In zweier Teams haben wir echte Daten von dem Teilchenbeschleuniger LHCb bekommen und mussten diese nun mit verschiedenen Filtern so in einem
Koordinatensystem anzeigen lassen, bis uns fünf Ausschläge auffallen. Diese Fünf
„Peaks“ waren dann der Nachweis für die Urmasse der zerfallenen Teilchens. Weil die Existenz eines Teilchens, nachdem Hadronen miteinander Kollidieren, sehr gering ist und quasi nicht beobachtbar, werden große Detektoren gebaut, die die Teilchen, die bei dem Zerfall ein alle Richtungen wegfliegen, messen können. Manche werden von einem großen Magneten abgelenkt und treffen dann in einem bestimmten Winkel auf einen Detektor. Diesen Winkel kann man dann berechnen und Vorhersagen machen, woher das Teilchen kam, und wann das Teilchen wohin geflogen ist. Wenn man diese ganzen Spuren von jeglichen Teilchen zurückverfolgt, kommt man auf das Teilchen, was zuvor zerfallen war.
So richtig verstanden haben wir es alle nicht. Hat es uns aber Spaß gemacht, uns wie richtige CERN-Forschende zu fühlen? Sowas von.
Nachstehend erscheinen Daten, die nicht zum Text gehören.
lemma higher_deriv_exp: "(deriv ^^ k) exp = (exp :: complex \<Rightarrow> complex)"
proof (induction k)
  case (Suc k)
  have "deriv exp = (exp :: complex \<Rightarrow> complex)"
    by (rule ext) (rule DERIV_imp_deriv[OF DERIV_exp])
  with Suc show ?case by simp
qed simp

lemma exp_div_power_has_contour_integral_circlepath:
  assumes "0 < r"
  shows "((\<lambda>u. exp u / u ^ Suc k) has_contour_integral 2 * pi * \<i> / fact k) (circlepath 0 r)"
proof -
  have "((\<lambda>u. exp u / (u - 0) ^ Suc k) has_contour_integral 2 * pi * \<i> / fact k * (deriv ^^ k) exp 0)
      (circlepath 0 r)"
    by (rule Cauchy_has_contour_integral_higher_derivative_circlepath)
      (auto intro!: continuous_intros holomorphic_intros simp: assms)
  then show ?thesis
    by (simp add: higher_deriv_exp)
qed

lemma laguerre_has_contour_integral_circlepath:
  assumes "0 < r"
  shows "((\<lambda>u. exp u * (1 - of_real x / u) ^ n / u) has_contour_integral 2 * pi * \<i> * of_real (laguerre n x))
           (circlepath 0 r)"
proof -
  have "((\<lambda>u. \<Sum>k\<le>n. of_nat (n choose k) * (- of_real x) ^ k * (exp u / u ^ Suc k)) has_contour_integral
      (\<Sum>k\<le>n. of_nat (n choose k) * (- of_real x) ^ k * (2 * pi * \<i> / fact k))) (circlepath 0 r)"
    by (intro has_contour_integral_sum finite_atMost has_contour_integral_lmul
        exp_div_power_has_contour_integral_circlepath assms)
  moreover have "(\<Sum>k\<le>n. of_nat (n choose k) * (- of_real x) ^ k * (2 * pi * \<i> / fact k)) =
      2 * pi * \<i> * of_real (laguerre n x)"
    by (simp add: laguerre_altdef sum_distrib_left mult_ac)
  moreover have "(\<Sum>k\<le>n. of_nat (n choose k) * (- of_real x) ^ k * (exp u / u ^ Suc k)) =
      exp u * (1 - of_real x / u) ^ n / u" if "u \<in> path_image (circlepath 0 r)" for u
  proof -
    have "u \<noteq> 0"
      using that assms by auto
    have "(1 - of_real x / u) ^ n = (\<Sum>k\<le>n. of_nat (n choose k) * ((- of_real x) ^ k / u ^ k))"
      unfolding power_divide[symmetric] using binomial_ring[of "- of_real x / u" 1 n] by (simp add: mult_ac)
    with \<open>u \<noteq> 0\<close> show ?thesis
      by (simp add: sum_distrib_left sum_divide_distrib field_simps)
  qed
  ultimately show ?thesis
    by (auto intro: has_contour_integral_eq)
qed

lemma norm_exp_mult_power_le:
  fixes u :: complex
  assumes "u \<noteq> 0" and "norm u ^ 2 = real n * x"
  shows "norm (exp u) * norm (1 - of_real x / u) ^ n \<le> exp (x / 2)"
proof -
  define q where "q = (x ^ 2 - 2 * x * Re u) / norm u ^ 2"
  have "norm (1 - of_real x / u) ^ 2 = norm (u - of_real x) ^ 2 / norm u ^ 2"
    using assms(1) by (simp add: norm_divide power_divide diff_divide_distrib[symmetric] field_simps)
  also have "norm (u - of_real x) ^ 2 = norm u ^ 2 + (x ^ 2 - 2 * x * Re u)"
    unfolding cmod_power2 by (simp add: power2_eq_square algebra_simps)
  finally have norm_sq: "norm (1 - of_real x / u) ^ 2 = 1 + q"
    using assms(1) by (simp add: q_def field_simps)
  have "real n * x \<noteq> 0"
    using assms by (metis norm_eq_zero zero_eq_power2)
  then have "real n * q = x - 2 * Re u"
    by (simp add: q_def assms(2) field_simps power2_eq_square[of x])
  \<comment> \<open>since n q = x - 2 Re u, the bound (1 + q)^n \<le> e^(n q) cancels the factor |e^u| = e^(Re u)\<close>
  have "(norm (1 - of_real x / u) ^ n) ^ 2 = (1 + q) ^ n"
    by (metis norm_sq power_mult mult.commute)
  also have "\<dots> \<le> exp q ^ n"
    using norm_sq by (intro power_mono exp_ge_add_one_self) (metis zero_le_power2)
  also have "\<dots> = exp (x / 2 - Re u) ^ 2"
    by (simp add: \<open>real n * q = x - 2 * Re u\<close> flip: exp_of_nat_mult)
  finally have "norm (1 - of_real x / u) ^ n \<le> exp (x / 2 - Re u)"
    by (rule power2_le_imp_le) simp
  then have "exp (Re u) * norm (1 - of_real x / u) ^ n \<le> exp (Re u) * exp (x / 2 - Re u)"
    by simp
  then show ?thesis
    by (simp flip: exp_add)
qed

lemma abs_laguerre_le_exp:
  assumes "0 \<le> x"
  shows "\<bar>laguerre n x\<bar> \<le> exp (x / 2)"
proof (cases "n = 0 \<or> x = 0")
  case True
  then have "laguerre n x = 1"
    by (auto simp: laguerre_altdef zero_power)
  then show ?thesis
    using assms by simp
next
  case False
  define r where "r = sqrt (real n * x)"
  have "0 < r" "r ^ 2 = real n * x"
    using False assms by (auto simp: r_def)
  have "norm (2 * pi * \<i> * of_real (laguerre n x)) \<le> exp (x / 2) / r * (2 * pi * r)"
  proof (rule has_contour_integral_bound_circlepath[OF laguerre_has_contour_integral_circlepath[OF \<open>0 < r\<close>]])
    fix u :: complex
    assume "norm (u - 0) = r"
    with \<open>0 < r\<close> \<open>r ^ 2 = real n * x\<close> have "u \<noteq> 0" "norm u ^ 2 = real n * x"
      by auto
    then have "norm (exp u) * norm (1 - of_real x / u) ^ n \<le> exp (x / 2)"
      by (rule norm_exp_mult_power_le)
    with \<open>norm (u - 0) = r\<close> \<open>0 < r\<close> show "norm (exp u * (1 - of_real x / u) ^ n / u) \<le> exp (x / 2) / r"
      by (simp add: norm_mult norm_divide norm_power divide_right_mono)
  qed (use \<open>0 < r\<close> in simp_all)
  with \<open>0 < r\<close> show ?thesis
    by (simp add: norm_mult)
qed

definition laguerre_function :: "nat \<Rightarrow> real \<Rightarrow> real" where
  "laguerre_function n x = exp (- x / 2) * laguerre n x"

lemma abs_laguerre_function_le_1:
  assumes "0 \<le> x"
  shows "\<bar>laguerre_function n x\<bar> \<le> 1"
proof -
  have "\<bar>laguerre_function n x\<bar> \<le> exp (- x / 2) * exp (x / 2)"
    unfolding laguerre_function_def abs_mult
    using abs_laguerre_le_exp[OF assms] by (simp add: mult_left_mono)
  then show ?thesis
    by (simp flip: exp_add)
qed

lemma laguerre_function_convolution_has_integral:
  fixes x :: real
  assumes "0 \<le> x"
  shows "((\<lambda>t. laguerre_function m (x - t) * laguerre_function n t) has_integral
          laguerre_function (m + n) x - laguerre_function (Suc (m + n)) x) {0..x}"
proof -
  have "((\<lambda>t. exp (- x / 2) * (laguerre m (x - t) * laguerre n t)) has_integral
      exp (- x / 2) * (laguerre (m + n) x - laguerre (Suc (m + n)) x)) {0..x}"
    by (rule has_integral_mult_right[OF laguerre_convolution_has_integral[OF assms]])
  moreover have "exp (- x / 2) * (laguerre m (x - t) * laguerre n t) =
      laguerre_function m (x - t) * laguerre_function n t" for t
  proof -
    have "exp (- (x - t) / 2) * exp (- t / 2) = exp (- x / 2)"
      by (simp flip: exp_add add: field_simps)
    then show ?thesis
      unfolding laguerre_function_def by (metis mult.assoc mult.left_commute)
  qed
  moreover have "exp (- x / 2) * (laguerre (m + n) x - laguerre (Suc (m + n)) x) =
      laguerre_function (m + n) x - laguerre_function (Suc (m + n)) x"
    by (simp add: laguerre_function_def right_diff_distrib)
  ultimately show ?thesis
    by simp
qed

lemma summable_norm_laguerre_function_series:
  assumes "summable (\<lambda>n. \<bar>u n\<bar>)" and "0 \<le> x"
  shows "summable (\<lambda>n. norm (u n * laguerre_function n x))"
proof (rule summable_comparison_test'[OF assms(1)])
  show "norm (norm (u n * laguerre_function n x)) \<le> \<bar>u n\<bar>" for n
    using abs_laguerre_function_le_1[OF assms(2), of n]
    by (simp add: abs_mult mult_left_le)
qed

lemma laguerre_function_series_sums:
  assumes "summable (\<lambda>n. \<bar>u n\<bar>)" and "0 \<le> x"
  shows "(\<lambda>n. u n * laguerre_function n x) sums (exp (- x / 2) * (\<Sum>n. u n * laguerre n x))"
proof -
  have "summable (\<lambda>n. u n * laguerre_function n x)"
    using summable_norm_laguerre_function_series[OF assms] by (rule summable_norm_cancel)
  then have "summable (\<lambda>n. exp (x / 2) * (u n * laguerre_function n x))"
    by (rule summable_mult)
  moreover have "exp (x / 2) * (u n * laguerre_function n x) = u n * laguerre n x" for n
    by (simp add: laguerre_function_def flip: exp_add)
  ultimately have "(\<lambda>n. exp (- x / 2) * (u n * laguerre n x)) sums (exp (- x / 2) * (\<Sum>n. u n * laguerre n x))"
    by (intro sums_mult summable_sums) simp
  then show ?thesis
    by (simp add: laguerre_function_def mult_ac)
qed

lemma summable_norm_Cauchy_product:
  fixes a b :: "nat \<Rightarrow> 'a::{real_normed_algebra,banach}"
  assumes "summable (\<lambda>k. norm (a k))" and "summable (\<lambda>k. norm (b k))"
  shows "summable (\<lambda>k. norm (\<Sum>i\<le>k. a i * b (k - i)))"
proof (rule summable_comparison_test'[OF summable_Cauchy_product[of "\<lambda>k. norm (a k)" "\<lambda>k. norm (b k)"]])
  show "norm (norm (\<Sum>i\<le>k. a i * b (k - i))) \<le> (\<Sum>i\<le>k. norm (a i) * norm (b (k - i)))" for k
    by (simp add: norm_sum norm_mult_ineq sum_mono order.trans[OF norm_sum])
qed (use assms in simp_all)

lemma has_integral_sums_dominated:
  fixes u :: "nat \<Rightarrow> 'n::euclidean_space \<Rightarrow> 'm::euclidean_space"
  assumes has_int: "\<And>k. (u k has_integral I k) (cbox a b)"
    and bound: "\<And>k t. t \<in> cbox a b \<Longrightarrow> norm (u k t) \<le> B k"
    and "summable B"
    and conv: "\<And>t. t \<in> cbox a b \<Longrightarrow> (\<lambda>k. u k t) sums s t"
  shows "I sums integral (cbox a b) s"
proof -
  have partial_bound: "norm (\<Sum>k<N. u k t) \<le> suminf B" if "t \<in> cbox a b" for N t
  proof -
    have "norm (\<Sum>k<N. u k t) \<le> (\<Sum>k<N. B k)"
      using bound[OF that] by (intro order.trans[OF norm_sum] sum_mono)
    also have "\<dots> \<le> suminf B"
      using bound[OF that] \<open>summable B\<close> by (intro sum_le_suminf) (auto intro: order.trans[OF norm_ge_zero])
    finally show ?thesis .
  qed
  have "(\<lambda>N. integral (cbox a b) (\<lambda>t. \<Sum>k<N. u k t)) \<longlonglongrightarrow> integral (cbox a b) s"
    using has_int partial_bound conv
    by (intro dominated_convergence(2)[where h = "\<lambda>_. suminf B"])
      (auto simp: sums_def intro!: integrable_sum integrable_const)
  moreover have "integral (cbox a b) (\<lambda>t. \<Sum>k<N. u k t) = (\<Sum>k<N. I k)" for N
    using has_int by (intro integral_unique has_integral_sum) auto
  ultimately show ?thesis
    by (simp add: sums_def)
qed

lemma RL_altdef: "RL a k n = (if n \<le> k then a (k - n) else 0) - (if n < k then a (k - 1 - n) else 0)"
  unfolding RL_def coeff_ext_def by (auto simp: nat_diff_distrib' of_nat_diff)

lemma suminf_RL_mult:
  "(\<Sum>n. RL a k n * b n) = (\<Sum>i\<le>k. b i * a (k - i)) - (\<Sum>i<k. b i * a (k - 1 - i))"
proof -
  have "(\<Sum>n. RL a k n * b n) = (\<Sum>n\<le>k. RL a k n * b n)"
    by (rule suminf_finite) (auto simp: RL_altdef)
  also have "\<dots> = (\<Sum>i\<le>k. b i * a (k - i) - (if i < k then b i * a (k - 1 - i) else 0))"
    by (intro sum.cong refl) (auto simp: RL_altdef algebra_simps)
  also have "\<dots> = (\<Sum>i\<le>k. b i * a (k - i)) - (\<Sum>i\<le>k. if i < k then b i * a (k - 1 - i) else 0)"
    by (rule sum_subtractf)
  also have "(\<Sum>i\<le>k. if i < k then b i * a (k - 1 - i) else 0) = (\<Sum>i<k. b i * a (k - 1 - i))"
    by (simp add: sum.If_cases Int_absorb1 subset_eq flip: lessThan_def)
  finally show ?thesis .
qed

lemma sums_summation_by_parts:
  fixes d e p :: "nat \<Rightarrow> 'a::real_normed_algebra"
  assumes "summable (\<lambda>k. d k * p k)" and "summable (\<lambda>k. d k * p (Suc k))"
    and "e 0 = 0" and "\<And>k. e (Suc k) = d k"
  shows "(\<lambda>k. (d k - e k) * p k) sums (\<Sum>k. d k * (p k - p (Suc k)))"
proof -
  have "(\<lambda>k. e (Suc k) * p (Suc k)) sums (\<Sum>k. d k * p (Suc k))"
    using assms(2,4) by (simp add: summable_sums)
  then have "(\<lambda>k. e k * p k) sums ((\<Sum>k. d k * p (Suc k)) + e 0 * p 0)"
    by (rule sums_Suc_iff[THEN iffD1])
  then have "(\<lambda>k. e k * p k) sums (\<Sum>k. d k * p (Suc k))"
    using assms(3) by simp
  from sums_diff[OF summable_sums[OF assms(1)] this]
  have "(\<lambda>k. (d k - e k) * p k) sums ((\<Sum>k. d k * p k) - (\<Sum>k. d k * p (Suc k)))"
    by (simp add: left_diff_distrib)
  also have "(\<Sum>k. d k * p k) - (\<Sum>k. d k * p (Suc k)) = (\<Sum>k. d k * (p k - p (Suc k)))"
    using suminf_diff[OF assms(1,2)] by (simp add: right_diff_distrib)
  finally show ?thesis .
qed

lemma abs_mult_laguerre_function_le:
  assumes "0 \<le> s" and "0 \<le> t"
  shows "\<bar>(\<beta> * laguerre_function i s) * (\<alpha> * laguerre_function j t)\<bar> \<le> \<bar>\<beta>\<bar> * \<bar>\<alpha>\<bar>"
proof -
  have "\<bar>laguerre_function i s\<bar> * \<bar>laguerre_function j t\<bar> \<le> 1"
    using assms by (intro mult_le_one abs_laguerre_function_le_1) auto
  then have "(\<bar>\<beta>\<bar> * \<bar>\<alpha>\<bar>) * (\<bar>laguerre_function i s\<bar> * \<bar>laguerre_function j t\<bar>) \<le> \<bar>\<beta>\<bar> * \<bar>\<alpha>\<bar>"
    by (rule mult_left_le) simp
  then show ?thesis
    by (simp add: abs_mult mult_ac)
qed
Wir hatten einen Tag von unglaublicher Komplexität mit spezifischer Tiefe und interessanten Themen, die uns nicht in die Weiten des Universums, sondern in die Tiefe der Atome entführte. Kompetente Referenten sorgten dafür, dass unsere Physik-Lk´s in eine Masterclass für Detektorphysik gut aufgehoben waren und nicht komplett die
Überzeugung ihres physikalischen Wissen verloren.